lemma outer_vec_decomposition:
  fixes a b :: "'a::field vec"
  assumes a: "a \<in> carrier_vec m" and b: "b \<in> carrier_vec n"
  obtains Ts where "length Ts \<le> 1"
    "rank_one_decomposition m n Ts (\<alpha> \<cdot>\<^sub>m outer_vec a b, \<beta> \<cdot>\<^sub>m outer_vec a b)"
proof (cases "a = 0\<^sub>v m \<or> b = 0\<^sub>v n \<or> (\<alpha>, \<beta>) = (0, 0)")
  case True
  then have "(\<alpha> \<cdot>\<^sub>m outer_vec a b, \<beta> \<cdot>\<^sub>m outer_vec a b) = (0\<^sub>m m n, 0\<^sub>m m n)"
    using a b by (auto simp: outer_vec_def intro!: eq_matI)
  then show ?thesis by (intro that[of "[]"]) (auto simp: rank_one_decomposition_def)
next
  case False
  then have "rank_one_tensor m n (\<alpha> \<cdot>\<^sub>m outer_vec a b, \<beta> \<cdot>\<^sub>m outer_vec a b)"
    using a b unfolding rank_one_tensor_def by blast
  then show ?thesis
    using a b by (intro that[of "[(\<alpha> \<cdot>\<^sub>m outer_vec a b, \<beta> \<cdot>\<^sub>m outer_vec a b)]"])
      (auto simp: rank_one_decomposition_def tensor_add_def outer_vec_def intro!: eq_matI)
qed

lemma diagonal_pair_decomposition:
  fixes W X :: "'a::field mat"
  assumes W: "W \<in> carrier_mat n n" and X: "X \<in> carrier_mat n n" and XW: "X * W = 1\<^sub>m n"
  defines "R k \<equiv> outer_vec (col W k) (row X k)"
  shows "rank_one_decomposition n n (map (\<lambda>k. (R k, d k \<cdot>\<^sub>m R k)) [0..<n])
           (W * X, W * mat_diag n d * X)"
proof -
  have rank_one: "rank_one_tensor n n (R k, d k \<cdot>\<^sub>m R k)" if k: "k < n" for k
  proof -
    have "row X k \<bullet> col W k = 1" using XW W X k by (metis index_mult_mat(1) index_one_mat(1)
          carrier_matD)
    then have "col W k \<noteq> 0\<^sub>v n" "row X k \<noteq> 0\<^sub>v n" using W X by auto
    then show ?thesis unfolding rank_one_tensor_def R_def using W X
      by (intro exI[of _ 1] exI[of _ "d k"] exI[of _ "col W k"] exI[of _ "row X k"]) auto
  qed
  have sums: "foldr tensor_add (map (\<lambda>k. (R k, d k \<cdot>\<^sub>m R k)) [0..<n]) (0\<^sub>m n n, 0\<^sub>m n n)
      = (mat n n (\<lambda>(i,j). \<Sum>k<n. W $$ (i,k) * X $$ (k,j)),
         mat n n (\<lambda>(i,j). \<Sum>k<n. W $$ (i,k) * d k * X $$ (k,j)))"
    using W X by (subst foldr_tensor_add_entries)
      (auto simp: R_def outer_vec_def sum_list_map_eq_sum_count2 sum_set_upt_conv_sum_list_nat[symmetric]
         lessThan_atLeast0 ac_simps intro!: eq_matI sum.cong)
  have "W * X = mat n n (\<lambda>(i,j). \<Sum>k<n. W $$ (i,k) * X $$ (k,j))"
    using W X by (auto simp: scalar_prod_def lessThan_atLeast0 intro!: eq_matI sum.cong)
  moreover have "W * mat_diag n d * X = mat n n (\<lambda>(i,j). \<Sum>k<n. W $$ (i,k) * d k * X $$ (k,j))"
    using W X by (auto simp: mat_diag_mult_right scalar_prod_def lessThan_atLeast0
        intro!: eq_matI sum.cong)
  ultimately show ?thesis using rank_one sums by (auto simp: rank_one_decomposition_def)
qed

section \<open>Vandermonde matrices and companion matrices\<close>

definition vandermonde_mat :: "nat \<Rightarrow> (nat \<Rightarrow> 'a::comm_ring_1) \<Rightarrow> 'a mat" where
  "vandermonde_mat n x = mat n n (\<lambda>(k,i). x k ^ i)"

text \<open>For distinct points the Vandermonde matrix has trivial kernel: a vector in the kernel
  is the coefficient vector of a polynomial of degree below n with n distinct roots.\<close>
lemma vandermonde_kernel_trivial:
  fixes x :: "nat \<Rightarrow> 'a::field"
  assumes inj: "inj_on x {..<n}" and v: "v \<in> carrier_vec n"
    and ker: "vandermonde_mat n x *\<^sub>v v = 0\<^sub>v n"
  shows "v = 0\<^sub>v n"
proof -
  define p where "p = (\<Sum>i<n. monom (v $ i) i)"
  have coeff_p: "coeff p i = (if i < n then v $ i else 0)" for i
    unfolding p_def coeff_sum by (auto simp: coeff_monom)
  have roots: "poly p (x k) = 0" if "k < n" for k
  proof -
    have "poly p (x k) = (vandermonde_mat n x *\<^sub>v v) $ k"
      using that v by (auto simp: p_def poly_sum poly_monom vandermonde_mat_def scalar_prod_def
          lessThan_atLeast0 mult.commute intro!: sum.cong)
    with ker that show ?thesis by simp
  qed
  have "p = 0"
  proof (rule ccontr)
    assume "p \<noteq> 0"
    then have "degree p < n"
      using coeff_p[of "degree p"] leading_coeff_0_iff[of p] by (metis not_le_imp_less)
    have "x ` {..<n} \<subseteq> {r. poly p r = 0}" using roots by auto
    then have "card (x ` {..<n}) \<le> card {r. poly p r = 0}"
      by (rule card_mono[OF poly_roots_finite[OF \<open>p \<noteq> 0\<close>]])
    then have "n \<le> card {r. poly p r = 0}" by (simp add: card_image[OF inj])
    with card_poly_roots_bound[OF \<open>p \<noteq> 0\<close>] \<open>degree p < n\<close> show False by linarith
  qed
  have "v $ i = 0" if "i < n" for i
    using coeff_p[of i] that \<open>p = 0\<close> by simp
  then show ?thesis using v by (intro eq_vecI) auto
qed

lemma vandermonde_inverse:
  fixes x :: "nat \<Rightarrow> 'a::field"
  assumes "inj_on x {..<n}"
  obtains W where "W \<in> carrier_mat n n" "W * vandermonde_mat n x = 1\<^sub>m n"
    "vandermonde_mat n x * W = 1\<^sub>m n"
proof -
  have V: "vandermonde_mat n x \<in> carrier_mat n n" by (simp add: vandermonde_mat_def)
  have "det (vandermonde_mat n x) \<noteq> 0"
    using det_0_iff_vec_prod_zero_field[OF V] vandermonde_kernel_trivial[OF assms] by blast
  from det_non_zero_imp_unit[OF V this, of "()"] show ?thesis
    using that unfolding Units_def ring_mat_def by auto
qed

lemma invertible_mat_of_inverse:
  fixes A B :: "'a::semiring_1 mat"
  assumes "A \<in> carrier_mat n n" "B \<in> carrier_mat n n" "A * B = 1\<^sub>m n" "B * A = 1\<^sub>m n"
  shows "invertible_mat A"
  using assms unfolding invertible_mat_def inverts_mat_def by auto

lemma vandermonde_companion:
  fixes g :: "'a::field poly"
  assumes deg: "degree g = n" and monic: "lead_coeff g = 1"
    and roots: "\<And>k. k < n \<Longrightarrow> poly g (x k) = 0"
  shows "vandermonde_mat n x * companion_mat n g = mat_diag n x * vandermonde_mat n x"
proof (rule eq_matI)
  fix k j assume "k < dim_row (mat_diag n x * vandermonde_mat n x)"
    "j < dim_col (mat_diag n x * vandermonde_mat n x)"
  then have k: "k < n" and j: "j < n" by (simp_all add: vandermonde_mat_def mat_diag_def)
  have "(vandermonde_mat n x * companion_mat n g) $$ (k,j) =
      (\<Sum>i<n. x k ^ i * (if j = n - 1 then - coeff g i else if i = j + 1 then 1 else 0))"
    using k j by (auto simp: scalar_prod_def companion_mat_def vandermonde_mat_def
        lessThan_atLeast0 intro!: sum.cong)
  also have "\<dots> = x k ^ Suc j"
  proof (cases "j = n - 1")
    case True
    have "0 = (\<Sum>i\<le>n. coeff g i * x k ^ i)" using roots[OF k] deg by (simp add: poly_altdef)
    also have "\<dots> = (\<Sum>i<n. x k ^ i * coeff g i) + x k ^ n"
      using deg monic by (simp add: lessThan_Suc_atMost[symmetric] mult.commute)
    finally have "(\<Sum>i<n. x k ^ i * coeff g i) = - (x k ^ n)"
      by (simp add: eq_neg_iff_add_eq_0)
    moreover have "Suc j = n" using True j by simp
    ultimately show ?thesis using True by (simp add: sum_negf)
  next
    case False
    then have "j + 1 < n" using j by auto
    then show ?thesis using False by (simp add: if_distrib cong: if_cong)
  qed
  also have "\<dots> = (mat_diag n x * vandermonde_mat n x) $$ (k,j)"
    using k j by (subst mat_diag_mult_left[of _ n n]) (simp_all add: vandermonde_mat_def)
  finally show "(vandermonde_mat n x * companion_mat n g) $$ (k,j) =
      (mat_diag n x * vandermonde_mat n x) $$ (k,j)" .
qed (simp_all add: vandermonde_mat_def companion_mat_def mat_diag_def)

lemma companion_mat_diff:
  fixes f g :: "'a::comm_ring_1 poly"
  shows "companion_mat n f - companion_mat n g =
    outer_vec (vec n (\<lambda>i. coeff g i - coeff f i)) (unit_vec n (n - 1))"
  by (auto simp: companion_mat_def outer_vec_def unit_vec_def intro!: eq_matI)

section \<open>The companion tensor\<close>

lemma tensor_diagonalizable_similar_diag:
  fixes V W :: "'a::field mat"
  assumes V: "V \<in> carrier_mat n n" and W: "W \<in> carrier_mat n n"
    and VW: "V * W = 1\<^sub>m n" and WV: "W * V = 1\<^sub>m n"
  shows "tensor_diagonalizable n n (1\<^sub>m n, W * mat_diag n d * V)"
proof -
  have "V * 1\<^sub>m n * W = 1\<^sub>m n" using V VW by simp
  moreover have "V * (W * mat_diag n d * V) * W = mat_diag n d"
  proof -
    have "V * (W * mat_diag n d * V) * W = (V * W) * mat_diag n d * (V * W)"
      using V W by (subst assoc_mult_mat[of _ n n _ n _ n], auto)+
    then show ?thesis
      using VW by (simp add: left_mult_one_mat[OF mat_diag_dim] right_mult_one_mat[OF mat_diag_dim])
  qed
  moreover have "rect_diagonal (1\<^sub>m n :: 'a mat)" "rect_diagonal (mat_diag n d)"
    by (auto simp: rect_diagonal_def mat_diag_def)
  ultimately show ?thesis unfolding tensor_diagonalizable_def
    using V W VW WV invertible_mat_of_inverse
    by (intro exI[of _ V] exI[of _ W]) auto
qed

■ **PROBLEM**
Show every line of the data that includes the string "rule".

■ **SOLUTION**
  proof (rule ccontr)
      by (rule card_mono[OF poly_roots_finite[OF \<open>p \<noteq> 0\<close>]])
proof (rule eq_matI)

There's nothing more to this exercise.